The grey areas in the figure (adapted from Fig 3. of IEEE Std. 802.15.4-2006) show the scope of the model.
The Spectrum NetDevice from Nicola Baldo is the basis for the implementation.
The implementation also borrows some ideas from the ns-2 models developed by Zheng and Lee.
APIs¶
The APIs closely follow the standard, adapted for ns-3 naming conventions and idioms. The APIs are organized around the concept of service primitives as shown in the following figure adapted from Figure 14 of IEEE Std. 802.15.4-2006.

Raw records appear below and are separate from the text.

lemma permutable_prime_iff_permutes:
  assumes "length ds = N"
  shows "permutable_prime ds \<longleftrightarrow>
    (\<forall>\<sigma>. \<sigma> permutes {..<N} \<longrightarrow> prime (\<Sum>i<N. ds ! \<sigma> i * 10 ^ (N - 1 - i)))"
proof -
  have sum_eq: "(\<Sum>i<N. ds ! \<sigma> i * 10 ^ (N - 1 - i)) = decimal (permute_list \<sigma> ds)"
    if "\<sigma> permutes {..<N}" for \<sigma>
  proof -
    have "(\<Sum>i<N. ds ! \<sigma> i * 10 ^ (N - 1 - i)) = (\<Sum>i<N. permute_list \<sigma> ds ! i * 10 ^ (N - 1 - i))"
      using that assms by (auto intro!: sum.cong simp: permute_list_nth)
    also have "\<dots> = decimal (permute_list \<sigma> ds)"
      using assms sum_digits_eq_decimal[of "permute_list \<sigma> ds" N] by simp
    finally show ?thesis .
  qed
  have "mset ws = mset ds \<longleftrightarrow> (\<exists>\<sigma>. \<sigma> permutes {..<N} \<and> permute_list \<sigma> ds = ws)" for ws
    using assms by (metis mset_eq_permutation mset_permute_list)
  then show ?thesis
    unfolding permutable_prime_def using sum_eq by auto
qed

lemma not_permutable_prime_if_proper_divisor:
  assumes "mset ws = mset ds" "p dvd decimal ws" "1 < p" "p < decimal ws"
  shows "\<not> permutable_prime ds"
  using assms unfolding permutable_prime_def by (metis prime_nat_iff less_not_refl)

lemma permutable_prime_digits:
  assumes prime: "permutable_prime ds" and "2 \<le> length ds" "set ds \<subseteq> {..<10}"
  shows "set ds \<subseteq> {1, 3, 7, 9}"
proof
  fix x
  assume x: "x \<in> set ds"
  define rs where "rs = remove1 x ds"
  have last: "mset (rs @ [x]) = mset ds" and first: "mset (x # rs) = mset ds"
    using x by (simp_all add: rs_def)
  have "length rs \<noteq> 0"
    using x assms(2) by (simp add: rs_def length_remove1)
  show "x \<in> {1, 3, 7, 9}"
  proof (rule ccontr)
    assume "x \<notin> {1, 3, 7, 9}"
    moreover have "x < 10"
      using x assms(3) by auto
    ultimately have "2 dvd x \<or> 5 dvd x"
      by simp presburger
    then obtain q where q: "q \<in> {2, 5}" "q dvd x"
      by blast
    then have "q dvd decimal (rs @ [x])"
      by auto
    moreover have "prime (decimal (rs @ [x]))"
      using prime last unfolding permutable_prime_def by blast
    ultimately have "decimal (rs @ [x]) = q"
      using q(1) by (auto simp: prime_nat_iff)
    moreover have "q \<le> 5"
      using q(1) by auto
    ultimately have "decimal rs = 0" "x = q"
      by simp_all presburger+
    then have "decimal (x # rs) = q * 10 ^ length rs"
      by (simp add: decimal_Cons)
    moreover have "q < q * 10 ^ length rs"
      using q(1) one_less_power[of "10::nat" "length rs"] \<open>length rs \<noteq> 0\<close> by auto
    ultimately have "q dvd decimal (x # rs)" "1 < q" "q < decimal (x # rs)"
      using q(1) by auto
    then show False
      using not_permutable_prime_if_proper_divisor[OF first] prime by blast
  qed
qed

lemma permutable_prime_digit_sum:
  assumes "permutable_prime ds" "2 \<le> length ds" "0 \<notin> set ds"
  shows "\<not> 3 dvd sum_list ds"
proof
  assume "3 dvd sum_list ds"
  then have "3 dvd decimal ds"
    by (simp add: three_dvd_decimal_iff)
  have "ds \<noteq> []"
    using assms(2) by auto
  then have "10 ^ (length ds - 1) \<le> decimal ds"
    using assms(3) by (metis decimal_ge_power hd_in_set)
  moreover have "(10::nat) \<le> 10 ^ (length ds - 1)"
    using assms(2) by (intro self_le_power) auto
  ultimately have "3 < decimal ds"
    by linarith
  then show False
    using not_permutable_prime_if_proper_divisor \<open>3 dvd decimal ds\<close> assms(1) by force
qed

definition residue_complete :: "nat \<Rightarrow> nat list \<Rightarrow> bool" where
  "residue_complete p ts \<longleftrightarrow> (\<forall>r<p. \<exists>ws. mset ws = mset ts \<and> decimal ws mod p = r)"

lemma residue_completeI:
  assumes "map (\<lambda>ws. decimal ws mod p) wss = [0..<p]" "\<forall>ws\<in>set wss. mset ws = mset ts"
  shows "residue_complete p ts"
  unfolding residue_complete_def
proof (intro allI impI)
  fix r
  assume "r < p"
  then have "r \<in> set (map (\<lambda>ws. decimal ws mod p) wss)"
    by (simp add: assms(1))
  then show "\<exists>ws. mset ws = mset ts \<and> decimal ws mod p = r"
    using assms(2) by auto
qed

lemma residue_complete_divisible_arrangement:
  assumes "residue_complete p ts" "mset ts \<subseteq># mset ds" "0 < p"
  obtains ws where "mset ws = mset ds" "p dvd decimal ws"
proof -
  obtain rs where rs: "mset rs = mset ds - mset ts"
    using ex_mset by blast
  define a where "a = decimal rs * 10 ^ length ts"
  have "(p - a mod p) mod p < p"
    using assms(3) by simp
  then obtain ts' where ts': "mset ts' = mset ts" "decimal ts' mod p = (p - a mod p) mod p"
    using assms(1) unfolding residue_complete_def by blast
  have "length ts' = length ts"
    using ts'(1) by (metis size_mset)
  then have "decimal (rs @ ts') mod p = (a mod p + decimal ts' mod p) mod p"
    by (simp add: decimal_append a_def mod_add_eq)
  also have "\<dots> = 0"
    using ts'(2) assms(3) by (cases "a mod p = 0") auto
  finally have "p dvd decimal (rs @ ts')"
    by (simp add: dvd_eq_mod_eq_0)
  moreover have "mset (rs @ ts') = mset ds"
    using rs ts'(1) assms(2) by (simp add: subset_mset.diff_add)
  ultimately show ?thesis
    using that by blast
qed
(* Consider the dynamic load balancing game described in the context, and suppose all players follow the best-response algorithm. Then after $$t''=O\!\left(\max_j\left\lceil\frac{s_j^0}{\mu_j}\right\rceil\cdot\frac{\sum_j\mu_j+\sum_j s_j^0}{\sum_j\mu_j-\lambda_{\max}}\right)$$ iterations, the state of each server becomes zero (the system becomes load-balanced), and it remains zero thereafter. In particular, the strategies of the players converge to the pure Nash equilibrium of the static load balancing game with zero initial loads, i.e., $\lim_{t\to\infty}a_{ij}^t=\frac{\mu_j}{\sum_{k=1}^m\mu_k}$ for every player $i$ and server $j$.
   Context: Dynamic load balancing game: there are $m$ servers with service rates $\mu_j>0$ and $n$ players with job lengths $\lambda_i>0$; let $\lambda_{\max}=\max_i\lambda_i$, and assume $\lambda_{\max}<\sum_{j=1}^m\mu_j$. Time is discrete, $t=0,1,2,\dots$; the state at time $t$ is $s^t=(s_1^t,\dots,s_m^t)$, $s_j^t\ge0$ the load on server $j$, with given initial state $s^0$. At each time $t$ exactly one player $i$ receives a new job of length $\lambda_i$ and immediately chooses $a_i^t$ in the simplex $\{a:\sum_ja_j=1,a_j\ge0\}$, incurring cost $$D_i(a^t,s^t)=\sum_{j=1}^m\lambda_i a_{ij}^t\left(\frac{\lambda_i a_{ij}^t}{2\mu_j}+\frac{s_j^t}{\mu_j}\right),$$ after which $s_j^{t+1}=\max\{0,\ s_j^t+\lambda_i a_{ij}^t-\mu_j\}$ for all $j$. Best-response algorithm: the player receiving the job at time $t$ chooses $a_i^t$ as the unique minimizer of $D_i(a_i,s^t)$ over the simplex. The static load balancing game with zero initial loads is the game in which each player $i$ chooses $a_i$ in the simplex to minimize $\sum_j\lambda_ia_{ij}\big(\frac{\lambda_ia_{ij}}{2\mu_j}+\frac{\sum_{k\ne i}\lambda_ka_{kj}}{\mu_j}\big)$. *)

theory Defs
  imports Complex_Main
begin

text \<open>Servers are indexed by {..<m}, players by {..<n}. Strategies are functions
  nat => real, required to vanish outside the server set.\<close>

definition simplex :: "nat \<Rightarrow> (nat \<Rightarrow> real) set" where
  "simplex m = {a. (\<forall>j<m. a j \<ge> 0) \<and> (\<forall>j\<ge>m. a j = 0) \<and> (\<Sum>j<m. a j) = 1}"

definition dyn_cost :: "nat \<Rightarrow> (nat \<Rightarrow> real) \<Rightarrow> real \<Rightarrow> (nat \<Rightarrow> real) \<Rightarrow> (nat \<Rightarrow> real) \<Rightarrow> real" where
  "dyn_cost m mu lam a s = (\<Sum>j<m. lam * a j * (lam * a j / (2 * mu j) + s j / mu j))"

The APIs are organized around four conceptual services and service access points (SAP):
MAC data service (MCPS)
MAC management service (MLME)
PHY data service (PD)
PHY management service (PLME)
In general, primitives are standardized as follows (e.g. Sec 7.1.1.1.1 of IEEE 802.15.4-2006)::
MCPS-DATA.request (
SrcAddrMode,
DstAddrMode,
DstPANId,
DstAddr,
msduLength,
msdu,
msduHandle,
TxOptions,
SecurityLevel,
KeyIdMode,
KeySource,
KeyIndex
)
This maps to ns-3 classes and methods such as::
struct McpsDataRequestParameters
{
uint8_t m_srcAddrMode;
uint8_t m_dstAddrMode;
...
};
void
LrWpanMac::McpsDataRequest (McpsDataRequestParameters params)
{
...
}
The primitives currently supported by the ns-3 model are:
MAC Primitives¶
MCPS-DATA.Request
MCPS-DATA.Confirm
MCPS-DATA.Indication
MLME-START.Request
MLME-START.Confirm
MLME-SCAN.Request
MLME-SCAN.Confirm
MLME-BEACON-NOFIFY.Indication
MLME-ASSOCIATE.Request
MLME-ASSOCIATE.Confirm
MLME-ASSOCIATE.Response
MLME-ASSOCIATE.Indication
MLME-POLL.Confirm
MLME-COMM-STATUS.Indication
MLME-SYNC.Request
MLME-SYNC-LOSS.Indication
PHY Primitives¶
PLME-CCA.Request
PLME-CCA.Confirm
PD-DATA.Request
PD-DATA.Confirm
PD-DATA.Indication
PLME-SET-TRX-STATE.Request
PLME-SET-TRX-STATE.Confirm
For more information on primitives, See IEEE 802.15.4-2011, Table 8.
MAC¶
The MAC at present implements both, the unslotted CSMA/CA (non-beacon mode) and the slotted CSMA/CA (beacon-enabled mode). The beacon-enabled mode supports only direct transmissions. Indirect transmissions and Guaranteed Time Slots (GTS) are currently not supported.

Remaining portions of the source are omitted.